Previously, Chester was a computer science graduate student at UC Berkeley, where he published peer-reviewed papers at top conferences and also served as a lead maintainer of the open-source MC2 project for secure collaborative analytics and machine learning.

You co-founded Opaque after your time at UC Berkeley’s RISELab, where your work bridged AI and secure systems. What specific gap in enterprise data infrastructure did you see that led to the creation of OPAQUE, and how did your academic experience inform the company’s direction?

At the time, there was an immense focus, both in academia and in industry, on leveraging machine learning for specific use cases. In the lab, we were extremely fortunate to have large enterprise sponsors who helped us researchers shape our work to solve more pressing problems that they were facing within their organizations. Our group, in particular, had a unique opportunity to work closely with tech and banking, financial services, and insurance (BFSI) companies, collaborating to solve hard privacy problems around the use of sensitive but valuable data for machine learning. Like all areas of AI, machine learning relies on large quantities of high-quality data to produce valuable and robust insights.

We came across the same pattern over and over again while collaborating with teams from the likes of Amazon, Scotiabank, and Ant Group (then Ant Financial): their machine learning-powered projects stalled out before reaching production due to concerns around the use of sensitive but critical data for these use cases. In other words, these teams were unable to use AI in projects that they knew could generate value for the company, not because of a technical problem with AI, but because they couldn’t get access to the right data.

At Opaque, we’ve been solving an identical problem. Helping teams get access to the right data, enabling them to unlock or upsell their AI capabilities.
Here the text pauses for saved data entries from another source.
(* Let $A>0$, $\alpha>0$, $k\ge2$, and define \[ \Lambda^{(k,1)}(A,\alpha):=\inf_{a\ge1}\Big[\lambda_k(I_{A^{1/2}a},\alpha)+\lambda_1(I_{A^{1/2}/a},\alpha)\Big]. \] Then \[ \frac{3\pi^2\alpha^{2/3}}{(\pi^2+2A^{1/2}\alpha)^{2/3}A^{2/3}}(k-2)^{2/3}\le\Lambda^{(k,1)}(A,\alpha), \] and, provided $\alpha\le\pi^2A^{-1/2}k^2$, \[ \Lambda^{(k,1)}(A,\alpha)\le3\Big(\frac{\pi\alpha}{A}\Big)^{2/3}k^{2/3}. \] Moreover the infimum is attained, and (for fixed $A,\alpha$) there are constants $0<c\le c'$ such that for all sufficiently large $k$ it is attained at some $a_k\ge1$ with $ck^{2/3}\le a_k\le c'k^{2/3}$. Finally, \[ \lim_{k\to\infty}\frac{\Lambda^{(k,1)}(A,\alpha)}{k^{2/3}}=3\Big(\frac{\pi\alpha}{A}\Big)^{2/3}. \]
   Context: For an interval $I_b\subset\mathbb{R}$ of length $b>0$ and $\alpha>0$, $\lambda_1(I_b,\alpha)<\lambda_2(I_b,\alpha)<\cdots$ denote the eigenvalues of the Robin problem $-u''=\lambda u$ on $I_b$, $\partial_\nu u+\alpha u=0$ at both endpoints ($\partial_\nu$ the outward derivative). *)

theory Defs
  imports Complex_Main
begin

definition robin_eigenvalue :: "real \<Rightarrow> real \<Rightarrow> real \<Rightarrow> bool" where
  "robin_eigenvalue b \<alpha> lam \<longleftrightarrow>
     (\<exists>u u'. (\<forall>x\<in>{0..b}. (u has_real_derivative u' x) (at x within {0..b}) \<and>
                          (u' has_real_derivative (- lam * u x)) (at x within {0..b}))
            \<and> (\<exists>x\<in>{0..b}. u x \<noteq> 0)
            \<and> - u' 0 + \<alpha> * u 0 = 0
            \<and> u' b + \<alpha> * u b = 0)"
The only change since our research days has been the urgency of the problem: we’re now consistently seeing AI adoption and integration, which continues to be bottlenecked by access to the right data, become a company-wide strategic imperative.

In a landscape where enterprises are investing heavily in reasoning models and agentic AI, why do you believe secure data pipelines are more important than ever?

Secure data pipelines are the backbone upon which enterprises build reasoning models and agentic AI. Everything from training these reasoning models to deploying agentic AI involves sensitive data and relies on secure data pipelines.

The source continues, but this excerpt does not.